§ ACTIVITY
Your answer needs to include each line of the records in which the string "refines" can be found.

§ AVAILABLE RECORDS
section \<open>The monoid \<open>A\<^sup>* / hcong A\<close> and its cyclic shifts\<close>

lemma hstep_iff: "hstep A u v \<longleftrightarrow> set u \<subseteq> A \<and> set v \<subseteq> A \<and> hypo_step u v"
  unfolding hstep_def hypo_step_def by blast

lemma hcong_iff: "hcong A u v \<longleftrightarrow> set u \<subseteq> A \<and> inv_equiv u v"
proof
  assume "hcong A u v"
  then have "set u \<subseteq> A" and "(hstep A)\<^sup>*\<^sup>* u v" unfolding hcong_def by simp_all
  moreover have "hstep A \<le> hypo_step" by (simp add: hstep_iff le_fun_def)
  ultimately show "set u \<subseteq> A \<and> inv_equiv u v"
    using rtranclp_mono hypo_eq_inv_equiv by blast
next
  assume "set u \<subseteq> A \<and> inv_equiv u v"
  then have A: "set u \<subseteq> A" and "hypo_eq u v" using inv_equiv_imp_hypo_eq by blast+
  from \<open>hypo_eq u v\<close> have "(hstep A)\<^sup>*\<^sup>* u v \<and> set v = set u"
  proof (induction rule: rtranclp_induct)
    case (step y z)
    have "set z = set y" using hypo_step_inv_equiv[OF step(2)] inv_equiv_set by metis
    with step A have "hstep A y z" by (simp add: hstep_iff)
    with step \<open>set z = set y\<close> show ?case by (simp add: rtranclp.rtrancl_into_rtrancl[of _ u y z])
  qed simp
  with A show "hcong A u v" unfolding hcong_def by simp
qed

lemma mem_cls: "w \<in> cls A u \<longleftrightarrow> set u \<subseteq> A \<and> inv_equiv u w"
  by (simp add: cls_def hcong_iff)

lemma cls_eq_iff:
  assumes "set u \<subseteq> A"
  shows "cls A u = cls A v \<longleftrightarrow> set v \<subseteq> A \<and> inv_equiv u v"
proof
  assume "cls A u = cls A v"
  moreover have "u \<in> cls A u" using assms by (simp add: mem_cls)
  ultimately show "set v \<subseteq> A \<and> inv_equiv u v"
    by (simp add: mem_cls inv_equiv_sym)
next
  assume "set v \<subseteq> A \<and> inv_equiv u v"
  then show "cls A u = cls A v"
    using assms unfolding set_eq_iff mem_cls by (blast intro: inv_equiv_sym inv_equiv_trans)
qed

lemma Mon_iff: "s \<in> Mon A \<longleftrightarrow> (\<exists>w. set w \<subseteq> A \<and> s = cls A w)"
  unfolding Mon_def by auto

lemma inv_equiv_append: "inv_equiv x x' \<Longrightarrow> inv_equiv y y' \<Longrightarrow> inv_equiv (x @ y) (x' @ y')"
  by (simp add: hypo_eq_append flip: hypo_eq_iff_inv_equiv)
lemma perfect_merge_towards:
  assumes A: "is_clustering n A" and B: "is_clustering n B" and B': "is_clustering n B'"
    and cons: "preserves_agreement n A B B'"
    and refines: "\<And>u v. intra B u v \<Longrightarrow> intra B' u v"
    and xy: "x \<in> {1..n}" "y \<in> {1..n}" "\<not> intra B x y" "intra B' x y"
  shows "\<exists>C. perfect_merge A B C \<and> is_clustering n C \<and> C \<noteq> B \<and> between n B C B'"
proof -
  obtain b1 b2 where b1: "b1 \<in> B" "x \<in> b1" and b2: "b2 \<in> B" "y \<in> b2"
    using clustering_covers[OF B] xy(1,2) by metis
  have "b1 \<noteq> b2" using b1 b2 xy(3) unfolding intra_def by blast
  then have disj: "b1 \<inter> b2 = {}" using clustering_disjoint[OF B b1(1) b2(1)] by blast
  have "intra B' x u" if "u \<in> b1 \<union> b2" for u
  proof (cases "u \<in> b1")
    case True
    then show ?thesis using b1 refines unfolding intra_def by blast
  next
    case False
    then have "intra B' y u" using that b2 refines unfolding intra_def by blast
    then show ?thesis using intra_trans[OF B' xy(4)] by blast
  qed
  then have joinedB': "intra B' u v" if "u \<in> b1 \<union> b2" "v \<in> b1 \<union> b2" for u v
    using that intra_sym intra_trans[OF B'] by blast
  \<comment> \<open>Pairs across b1, b2 are separated by B and joined by B', so by consistency A joins them.\<close>
  have joinedA: "intra A u v" if u: "u \<in> b1" and v: "v \<in> b2" for u v
  proof (rule ccontr)
    assume "\<not> intra A u v"
    moreover have "\<not> intra B u v"
      using clustering_cluster_eq[OF B b1(1) u] v disj by blast
    moreover have "u \<in> {1..n}" "v \<in> {1..n}" "u \<noteq> v"
      using u v disj clustering_cluster_subset[OF B] b1(1) b2(1) by blast+
    ultimately have "\<not> intra B' u v"
      using cons unfolding preserves_agreement_def agrees_def by blast
    with joinedB' u v show False by blast
  qed
  obtain Ai where Ai: "Ai \<in> A" "x \<in> Ai" using clustering_covers[OF A xy(1)] by blast
  have "intra A x v" if "v \<in> b1 \<union> b2" for v
  proof (cases "v \<in> b2")
    case False
    then have "intra A v y" using that joinedA b2(2) by blast
    then show ?thesis using intra_trans[OF A joinedA[OF b1(2) b2(2)]] intra_sym by blast
  qed (use joinedA b1(2) in blast)
  then have "b1 \<union> b2 \<subseteq> Ai" using clustering_cluster_eq[OF A Ai] by blast
  define C where "C = (B - {b1, b2}) \<union> {b1 \<union> b2}"
  have "perfect_merge A B C"
    unfolding perfect_merge_def C_def using Ai(1) b1(1) b2(1) \<open>b1 \<noteq> b2\<close> \<open>b1 \<union> b2 \<subseteq> Ai\<close> by blast
  moreover have "is_clustering n C"
    unfolding C_def using is_clustering_merge[OF B b1(1) b2(1)] .
  moreover have "b1 \<notin> C"
    using b1(2) b2(2) disj unfolding C_def by blast
  then have "C \<noteq> B" using b1(1) by blast
  moreover have "between n B C B'"
    unfolding between_def C_def intra_merge_iff using joinedB' refines by blast
  ultimately show ?thesis by blast
qed

lemma perfect_step_towards:
  assumes A: "is_clustering n A" and B: "is_clustering n B" and B': "is_clustering n B'"
    and cons: "preserves_agreement n A B B'" and "B \<noteq> B'"
  shows "\<exists>C. perfect_step A B C \<and> is_clustering n C \<and> C \<noteq> B \<and> between n B C B'"
proof (cases "\<exists>x\<in>{1..n}. \<exists>y. intra B x y \<and> \<not> intra B' x y")
  case True
  then show ?thesis
    using perfect_split_towards[OF B B' cons] unfolding perfect_step_def by blast
next
  case False
  then have refines: "intra B u v \<Longrightarrow> intra B' u v" for u v
    using intra_sym intra_bounded[OF B] by blast
  obtain x y where "x \<in> {1..n}" "y \<in> {1..n}" "intra B x y \<noteq> intra B' x y"
    using clustering_eqI[OF B B'] \<open>B \<noteq> B'\<close> by blast
  with refines have "\<not> intra B x y" "intra B' x y" by blast+
  then show ?thesis
    using perfect_merge_towards[OF A B B' cons refines] \<open>x \<in> {1..n}\<close> \<open>y \<in> {1..n}\<close>
    unfolding perfect_step_def by blast
qed

lemma perfect_steps_if_preserves_agreement:
  assumes A: "is_clustering n A" and B: "is_clustering n B" and B': "is_clustering n B'"
    and cons: "preserves_agreement n A B B'"
  shows "(perfect_step A)\<^sup>*\<^sup>* B B'"
  using B cons
proof (induction "card (disagreements n B B')" arbitrary: B rule: less_induct)
  case less
  show ?case
  proof (cases "B = B'")
    case False
    then obtain C where C: "perfect_step A B C" "is_clustering n C" "C \<noteq> B" "between n B C B'"
      using perfect_step_towards[OF A less.prems(1) B' less.prems(2)] by blast
    have "(perfect_step A)\<^sup>*\<^sup>* C B'"
      using less.hyps card_disagreements_between_less[OF less.prems(1) C(2,4,3)] C(2)
        between_preserves_agreement[OF less.prems(2) C(4)] by blast
    with C(1) show ?thesis by (rule converse_rtranclp_into_rtranclp)
  qed simp
qed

§ RESPONSE BELOW
    and refines: "\<And>u v. intra B u v \<Longrightarrow> intra B' u v"
    then show ?thesis using b1 refines unfolding intra_def by blast
    then have "intra B' y u" using that b2 refines unfolding intra_def by blast
    unfolding between_def C_def intra_merge_iff using joinedB' refines by blast
  then have refines: "intra B u v \<Longrightarrow> intra B' u v" for u v
  with refines have "\<not> intra B x y" "intra B' x y" by blast+
    using perfect_merge_towards[OF A B B' cons refines] \<open>x \<in> {1..n}\<close> \<open>y \<in> {1..n}\<close>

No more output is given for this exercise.